Let's estimate what is roughly equal to sqrt (7-log_7 (x)).
1/3 = log_8 (2)< log_7(2) < log_4(2) = 1/2
2 = sqrt (4)< sqrt(7-1/2) < sqrt(7-log_7(2)) < sqrt(7-1/3) < sqrt(9) = 3

That is, the condition x is not equal to (+ -) sqrt (7-log_7 (x)) is already superfluous, since in item (1) we have already thrown out the interval that includes these points from the ODZ.

So, once again, ODZ:
x belongs to (- infinity; -4) U (4, + infinity)

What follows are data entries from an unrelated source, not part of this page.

(* For every $I\in\{0,1\}^{n\times m}$ there exists $\mathcal{F}\subseteq\mathcal{B}_{\mathcal{E}}(I)$ with $|\mathcal{F}|=\mathrm{rank}_\mathrm{B}(I)$ such that $A_{\mathcal{F}}\circ B_{\mathcal{F}}=I$.
   Context: $(A\circ B)_{ij}=\max_l\min(A_{il},B_{lj})$ is the Boolean product; $\mathrm{rank}_\mathrm{B}(I)$ is the least $k$ with $I=A\circ B$ for some $A\in\{0,1\}^{n\times k}$, $B\in\{0,1\}^{k\times m}$. With $X=\{1,\dots,n\}$, $Y=\{1,\dots,m\}$ and for $C\subseteq X$, $D\subseteq Y$: $C^{\uparrow}=\{j\mid \forall i\in C: I_{ij}=1\}$, $D^{\downarrow}=\{i\mid \forall j\in D: I_{ij}=1\}$; $\mathcal{B}(I)=\{\langle C,D\rangle\mid C^\uparrow=D, D^\downarrow=C\}$ ordered by inclusion of first components; $\gamma(i)=\langle\{i\}^{\uparrow\downarrow},\{i\}^\uparrow\rangle$, $\mu(j)=\langle\{j\}^\downarrow,\{j\}^{\downarrow\uparrow}\rangle$, $\mathcal{I}_{ij}=\{c\in\mathcal{B}(I)\mid\gamma(i)\leq c\leq\mu(j)\}$. $\mathcal{E}(I)_{ij}=1$ iff $\mathcal{I}_{ij}$ is non-empty and minimal w.r.t. $\subseteq$ among the non-empty sets $\mathcal{I}_{i'j'}$, and $\mathcal{B}_{\mathcal{E}}(I)=\bigcup\{\mathcal{I}_{ij}\mid \mathcal{E}(I)_{ij}=1\}$. For $\mathcal{F}=\{\langle C_1,D_1\rangle,\dots,\langle C_p,D_p\rangle\}\subseteq\mathcal{B}(I)$, $(A_{\mathcal{F}})_{il}=1$ iff $i\in C_l$ and $(B_{\mathcal{F}})_{lj}=1$ iff $j\in D_l$. *)

theory Defs
  imports Main
begin

(* Boolean matrices: an n x m Boolean matrix is a function nat => nat => bool,
   only entries with row index in {1..n} and column index in {1..m} matter. *)

definition bool_prod :: "(nat \<Rightarrow> nat \<Rightarrow> bool) \<Rightarrow> (nat \<Rightarrow> nat \<Rightarrow> bool) \<Rightarrow> nat \<Rightarrow> nat \<Rightarrow> nat \<Rightarrow> bool" where
  "bool_prod A B k i j \<longleftrightarrow> (\<exists>l\<in>{1..k}. A i l \<and> B l j)"

definition is_bool_decomp :: "nat \<Rightarrow> nat \<Rightarrow> (nat \<Rightarrow> nat \<Rightarrow> bool) \<Rightarrow> nat \<Rightarrow> (nat \<Rightarrow> nat \<Rightarrow> bool) \<Rightarrow> (nat \<Rightarrow> nat \<Rightarrow> bool) \<Rightarrow> bool" where
  "is_bool_decomp n m I k A B \<longleftrightarrow> (\<forall>i\<in>{1..n}. \<forall>j\<in>{1..m}. I i j = bool_prod A B k i j)"

definition rank_B :: "nat \<Rightarrow> nat \<Rightarrow> (nat \<Rightarrow> nat \<Rightarrow> bool) \<Rightarrow> nat" where
  "rank_B n m I = (LEAST k. \<exists>A B. is_bool_decomp n m I k A B)"

definition up :: "nat \<Rightarrow> (nat \<Rightarrow> nat \<Rightarrow> bool) \<Rightarrow> nat set \<Rightarrow> nat set" where
  "up m I C = {j\<in>{1..m}. \<forall>i\<in>C. I i j}"

definition down :: "nat \<Rightarrow> (nat \<Rightarrow> nat \<Rightarrow> bool) \<Rightarrow> nat set \<Rightarrow> nat set" where
  "down n I D = {i\<in>{1..n}. \<forall>j\<in>D. I i j}"

definition concepts :: "nat \<Rightarrow> nat \<Rightarrow> (nat \<Rightarrow> nat \<Rightarrow> bool) \<Rightarrow> (nat set \<times> nat set) set" where
  "concepts n m I = {(C, D). C \<subseteq> {1..n} \<and> D \<subseteq> {1..m} \<and> up m I C = D \<and> down n I D = C}"

definition gamma :: "nat \<Rightarrow> nat \<Rightarrow> (nat \<Rightarrow> nat \<Rightarrow> bool) \<Rightarrow> nat \<Rightarrow> nat set \<times> nat set" where
  "gamma n m I i = (down n I (up m I {i}), up m I {i})"

definition mu :: "nat \<Rightarrow> nat \<Rightarrow> (nat \<Rightarrow> nat \<Rightarrow> bool) \<Rightarrow> nat \<Rightarrow> nat set \<times> nat set" where
  "mu n m I j = (down n I {j}, up m I (down n I {j}))"

definition concept_le :: "nat set \<times> nat set \<Rightarrow> nat set \<times> nat set \<Rightarrow> bool" where
  "concept_le c d \<longleftrightarrow> fst c \<subseteq> fst d"

definition interval :: "nat \<Rightarrow> nat \<Rightarrow> (nat \<Rightarrow> nat \<Rightarrow> bool) \<Rightarrow> nat \<Rightarrow> nat \<Rightarrow> (nat set \<times> nat set) set" where
  "interval n m I i j = {c \<in> concepts n m I. concept_le (gamma n m I i) c \<and> concept_le c (mu n m I j)}"

definition ess :: "nat \<Rightarrow> nat \<Rightarrow> (nat \<Rightarrow> nat \<Rightarrow> bool) \<Rightarrow> nat \<Rightarrow> nat \<Rightarrow> bool" where
  "ess n m I i j \<longleftrightarrow> i \<in> {1..n} \<and> j \<in> {1..m} \<and> interval n m I i j \<noteq> {} \<and>
     (\<forall>i'\<in>{1..n}. \<forall>j'\<in>{1..m}. interval n m I i' j' \<noteq> {} \<and> interval n m I i' j' \<subseteq> interval n m I i j
        \<longrightarrow> interval n m I i' j' = interval n m I i j)"

definition ess_concepts :: "nat \<Rightarrow> nat \<Rightarrow> (nat \<Rightarrow> nat \<Rightarrow> bool) \<Rightarrow> (nat set \<times> nat set) set" where
  "ess_concepts n m I = \<Union>{interval n m I i j | i j. ess n m I i j}"

(* A_F and B_F for an enumeration fs = [<C_1,D_1>, ..., <C_p,D_p>] of F (1-based columns/rows) *)
definition A_F :: "(nat set \<times> nat set) list \<Rightarrow> nat \<Rightarrow> nat \<Rightarrow> bool" where
  "A_F fs i l \<longleftrightarrow> i \<in> fst (fs ! (l - 1))"

definition B_F :: "(nat set \<times> nat set) list \<Rightarrow> nat \<Rightarrow> nat \<Rightarrow> bool" where
  "B_F fs l j \<longleftrightarrow> j \<in> snd (fs ! (l - 1))"

end

theory Submission
  imports Defs
begin

text \<open>Take a factorisation \<open>I = A \<circ> B\<close> with \<open>rank\<^sub>B(I)\<close> factors and replace each factor \<open>l\<close>
  by the concept generated by the support of column \<open>l\<close> of \<open>A\<close>. If \<open>A\<^sub>i\<^sub>l = B\<^sub>l\<^sub>j = 1\<close>, this concept
  lies in \<open>\<I>\<^sub>i\<^sub>j\<close>. Every 1 of \<open>I\<close> lies in some nonempty interval, which contains a minimal,
  i.e. essential, interval, and that interval in turn contains one of the factor concepts. So the
  factor concepts belonging to \<open>\<B>\<^sub>\<E>(I)\<close> already cover \<open>I\<close>; there are at most
  \<open>rank\<^sub>B(I)\<close> of them, and by minimality of the rank not fewer.\<close>

lemma mem_concepts:
  "c \<in> concepts n m I \<longleftrightarrow>
     fst c \<subseteq> {1..n} \<and> snd c \<subseteq> {1..m} \<and> up m I (fst c) = snd c \<and> down n I (snd c) = fst c"
  by (cases c) (simp add: concepts_def)

lemma concept_rectangle: "c \<in> concepts n m I \<Longrightarrow> i \<in> fst c \<Longrightarrow> j \<in> snd c \<Longrightarrow> I i j"
  unfolding mem_concepts down_def by blast

lemma closure_subset_extent_iff:
  assumes "c \<in> concepts n m I" "X \<subseteq> {1..n}"
  shows "down n I (up m I X) \<subseteq> fst c \<longleftrightarrow> X \<subseteq> fst c"
proof
  have "X \<subseteq> down n I (up m I X)"
    using assms(2) by (auto simp: up_def down_def)
  then show "down n I (up m I X) \<subseteq> fst c \<Longrightarrow> X \<subseteq> fst c" by blast
next
  assume "X \<subseteq> fst c"
  then have "snd c \<subseteq> up m I X"
    using assms(1) concept_rectangle[OF assms(1)] by (auto simp: mem_concepts up_def)
  then have "down n I (up m I X) \<subseteq> down n I (snd c)"
    by (auto simp: down_def)
  then show "down n I (up m I X) \<subseteq> fst c"
    using assms(1) by (simp add: mem_concepts)
qed

lemma mem_interval_iff:
  assumes "i \<in> {1..n}" "j \<in> {1..m}"
  shows "c \<in> interval n m I i j \<longleftrightarrow> c \<in> concepts n m I \<and> i \<in> fst c \<and> j \<in> snd c"
  using assms closure_subset_extent_iff[of c n m I "{i}"]
  by (auto simp: interval_def concept_le_def gamma_def mu_def mem_concepts up_def down_def)

lemma interval_nonempty_iff:
  assumes "i \<in> {1..n}" "j \<in> {1..m}"
  shows "interval n m I i j \<noteq> {} \<longleftrightarrow> I i j"
proof
  assume "interval n m I i j \<noteq> {}"
  then obtain c where "c \<in> concepts n m I" "i \<in> fst c" "j \<in> snd c"
    using assms by (auto simp: mem_interval_iff)
  then show "I i j" by (rule concept_rectangle)
next
  assume "I i j"
  then have "mu n m I j \<in> interval n m I i j"
    using assms by (auto simp: mem_interval_iff mu_def mem_concepts up_def down_def)
  then show "interval n m I i j \<noteq> {}" by blast
qed

lemma ess_interval_below:
  assumes "i \<in> {1..n}" "j \<in> {1..m}" "I i j"
  shows "\<exists>i' j'. ess n m I i' j' \<and> interval n m I i' j' \<subseteq> interval n m I i j"
proof -
  define nonempty_intervals where "nonempty_intervals =
    (\<lambda>(i, j). interval n m I i j) ` {(i, j) \<in> {1..n} \<times> {1..m}. I i j}"
  have "finite nonempty_intervals"
    unfolding nonempty_intervals_def
    by (rule finite_imageI, rule finite_subset[of _ "{1..n} \<times> {1..m}"]) auto
  moreover have "interval n m I i j \<in> nonempty_intervals"
    using assms by (auto simp: nonempty_intervals_def)
  ultimately obtain i' j' where i'j': "i' \<in> {1..n}" "j' \<in> {1..m}" "I i' j'"
    and below: "interval n m I i' j' \<subseteq> interval n m I i j"
    and minimal: "\<forall>M \<in> nonempty_intervals. M \<subseteq> interval n m I i' j' \<longrightarrow> interval n m I i' j' = M"
    by (auto dest!: finite_has_minimal2 simp: nonempty_intervals_def)
  have "ess n m I i' j'"
    unfolding ess_def
  proof (intro conjI ballI impI)
    fix a b
    assume "a \<in> {1..n}" "b \<in> {1..m}"
      and "interval n m I a b \<noteq> {} \<and> interval n m I a b \<subseteq> interval n m I i' j'"
    moreover from this have "interval n m I a b \<in> nonempty_intervals"
      by (auto simp: nonempty_intervals_def interval_nonempty_iff)
    ultimately show "interval n m I a b = interval n m I i' j'"
      using minimal by blast
  qed (use i'j' interval_nonempty_iff in auto)
  with below show ?thesis by blast
qed

lemma ess_imp_incidence: "ess n m I i j \<Longrightarrow> i \<in> {1..n} \<and> j \<in> {1..m} \<and> I i j"
  unfolding ess_def using interval_nonempty_iff by blast

definition closure_concept :: "nat \<Rightarrow> nat \<Rightarrow> (nat \<Rightarrow> nat \<Rightarrow> bool) \<Rightarrow> nat set \<Rightarrow> nat set \<times> nat set" where
  "closure_concept n m I X = (down n I (up m I X), up m I X)"

lemma closure_concept_in_concepts:
  "X \<subseteq> {1..n} \<Longrightarrow> closure_concept n m I X \<in> concepts n m I"
  by (auto simp: closure_concept_def mem_concepts up_def down_def)

lemma factor_concept_in_interval:
  assumes "is_bool_decomp n m I k A B" "l \<in> {1..k}"
    and "i \<in> {1..n}" "j \<in> {1..m}" "A i l" "B l j"
  shows "closure_concept n m I {x \<in> {1..n}. A x l} \<in> interval n m I i j"
proof -
  let ?X = "{x \<in> {1..n}. A x l}"
  have "\<forall>x \<in> ?X. I x j"
    using assms by (auto simp: is_bool_decomp_def bool_prod_def)
  then have "j \<in> up m I ?X"
    using assms(4) by (auto simp: up_def)
  moreover have "i \<in> down n I (up m I ?X)"
    using assms(3,5) by (auto simp: up_def down_def)
  moreover have "closure_concept n m I ?X \<in> concepts n m I"
    by (rule closure_concept_in_concepts) auto
  ultimately show ?thesis
    using mem_interval_iff[OF assms(3,4)] by (simp add: closure_concept_def)
qed

lemma ess_cover_from_decomp:
  assumes "is_bool_decomp n m I k A B"
  obtains F where "F \<subseteq> ess_concepts n m I" "finite F" "card F \<le> k"
    "\<forall>i \<in> {1..n}. \<forall>j \<in> {1..m}. I i j \<longleftrightarrow> (\<exists>c \<in> F. i \<in> fst c \<and> j \<in> snd c)"
proof -
  define factor where "factor l = closure_concept n m I {x \<in> {1..n}. A x l}" for l
  define F where "F = factor ` {1..k} \<inter> ess_concepts n m I"
  have "F \<subseteq> ess_concepts n m I" "finite F"
    unfolding F_def by auto
  moreover have "card F \<le> k"
    using card_mono[of "factor ` {1..k}" F] card_image_le[of "{1..k}" factor]
    by (auto simp: F_def)
  moreover have "I i j \<longleftrightarrow> (\<exists>c \<in> F. i \<in> fst c \<and> j \<in> snd c)"
    if ij: "i \<in> {1..n}" "j \<in> {1..m}" for i j
  proof
    assume "\<exists>c \<in> F. i \<in> fst c \<and> j \<in> snd c"
    then obtain l where "l \<in> {1..k}" "i \<in> fst (factor l)" "j \<in> snd (factor l)"
      by (auto simp: F_def)
    moreover have "factor l \<in> concepts n m I"
      unfolding factor_def by (rule closure_concept_in_concepts) auto
    ultimately show "I i j"
      using concept_rectangle by blast
  next
    assume "I i j"
    then obtain i' j' where ess: "ess n m I i' j'"
      and below: "interval n m I i' j' \<subseteq> interval n m I i j"
      using ess_interval_below ij by blast
    then have i'j': "i' \<in> {1..n}" "j' \<in> {1..m}" "I i' j'"
      using ess_imp_incidence by blast+
    then obtain l where "l \<in> {1..k}" "A i' l" "B l j'"
      using assms i'j' unfolding is_bool_decomp_def bool_prod_def by blast
    then have "factor l \<in> interval n m I i' j'"
      unfolding factor_def using assms i'j' by (intro factor_concept_in_interval)
    then have "factor l \<in> F" "factor l \<in> interval n m I i j"
      using ess below \<open>l \<in> {1..k}\<close> by (auto simp: F_def ess_concepts_def)
    then show "\<exists>c \<in> F. i \<in> fst c \<and> j \<in> snd c"
      using ij by (auto simp: mem_interval_iff)
  qed
  ultimately show ?thesis
    by (intro that) blast+
qed

lemma bex_one_based_nth_iff: "(\<exists>l \<in> {1..length xs}. P (xs ! (l - 1))) \<longleftrightarrow> (\<exists>x \<in> set xs. P x)"
proof -
  have "(\<exists>l \<in> {1..length xs}. P (xs ! (l - 1))) \<longleftrightarrow> (\<exists>l \<in> {..<length xs}. P (xs ! l))"
    unfolding image_Suc_lessThan[symmetric] by simp
  also have "\<dots> \<longleftrightarrow> (\<exists>x \<in> set xs. P x)"
    by (metis in_set_conv_nth lessThan_iff)
  finally show ?thesis .
qed

lemma bool_prod_A_F_B_F_iff:
  "bool_prod (A_F fs) (B_F fs) (length fs) i j \<longleftrightarrow> (\<exists>c \<in> set fs. i \<in> fst c \<and> j \<in> snd c)"
  unfolding bool_prod_def A_F_def B_F_def by (rule bex_one_based_nth_iff)

lemma rank_B_le: "is_bool_decomp n m I k A B \<Longrightarrow> rank_B n m I \<le> k"
  unfolding rank_B_def by (rule Least_le) blast

lemma rank_B_decomp: "\<exists>A B. is_bool_decomp n m I (rank_B n m I) A B"
proof -
  have "is_bool_decomp n m I n (\<lambda>i l. i = l) I"
    by (auto simp: is_bool_decomp_def bool_prod_def)
  then have "\<exists>k A B. is_bool_decomp n m I k A B" by blast
  then show ?thesis
    unfolding rank_B_def by (rule LeastI_ex)
qed

theorem theorem5:
  fixes n m :: nat and I :: "nat \<Rightarrow> nat \<Rightarrow> bool"
  shows "\<exists>fs. distinct fs \<and> set fs \<subseteq> ess_concepts n m I \<and> length fs = rank_B n m I \<and>
           (\<forall>i\<in>{1..n}. \<forall>j\<in>{1..m}. bool_prod (A_F fs) (B_F fs) (length fs) i j = I i j)"
proof -
  obtain A B where "is_bool_decomp n m I (rank_B n m I) A B"
    using rank_B_decomp by blast
  then obtain F where F: "F \<subseteq> ess_concepts n m I" "finite F" "card F \<le> rank_B n m I"
    and cover: "\<forall>i \<in> {1..n}. \<forall>j \<in> {1..m}. I i j \<longleftrightarrow> (\<exists>c \<in> F. i \<in> fst c \<and> j \<in> snd c)"
    by (rule ess_cover_from_decomp)
  obtain fs where fs: "set fs = F" "distinct fs"
    using finite_distinct_list[OF \<open>finite F\<close>] by blast
  have decomp: "\<forall>i \<in> {1..n}. \<forall>j \<in> {1..m}. bool_prod (A_F fs) (B_F fs) (length fs) i j = I i j"
    using cover fs(1) bool_prod_A_F_B_F_iff by blast
  then have "rank_B n m I \<le> length fs"
    by (intro rank_B_le[of _ _ _ _ "A_F fs" "B_F fs"]) (simp add: is_bool_decomp_def)
  moreover have "length fs = card F"
    using distinct_card[OF fs(2)] fs(1) by simp
  ultimately show ?thesis
    using F fs decomp by auto
qed

end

4. Now, using the properties of the logarithm, the original inequality can be transformed like this:
log_2 ((7 (-x 2) - 3) 2)> log_2 ((7 (7 - x 2) - 2) 2)

Log_2 (x) is an increasing function, so we get rid of the logarithm without changing the sign:
(7 (-x 2) -3) 2> (7 (7-x 2) -2) 2

Let us estimate from above and below the expressions (7 (-x 2) -3) 2 and (7 (7-x 2) -2) 2 taking into account the DHS:

X 2< -16
0 < 7 (-x 2) < 1
-3 < 7 (-x 2) -3 < -2
4 < (7 (-x 2) -3) 2 < 9

X 2< -16
0 < 7 (7-x 2) < 1
-2 < 7 (-x 2) -2 < -1
1 < (7 (-x 2) -3) 2 < 4

Hence, the inequality holds for any x belonging to the GDZ.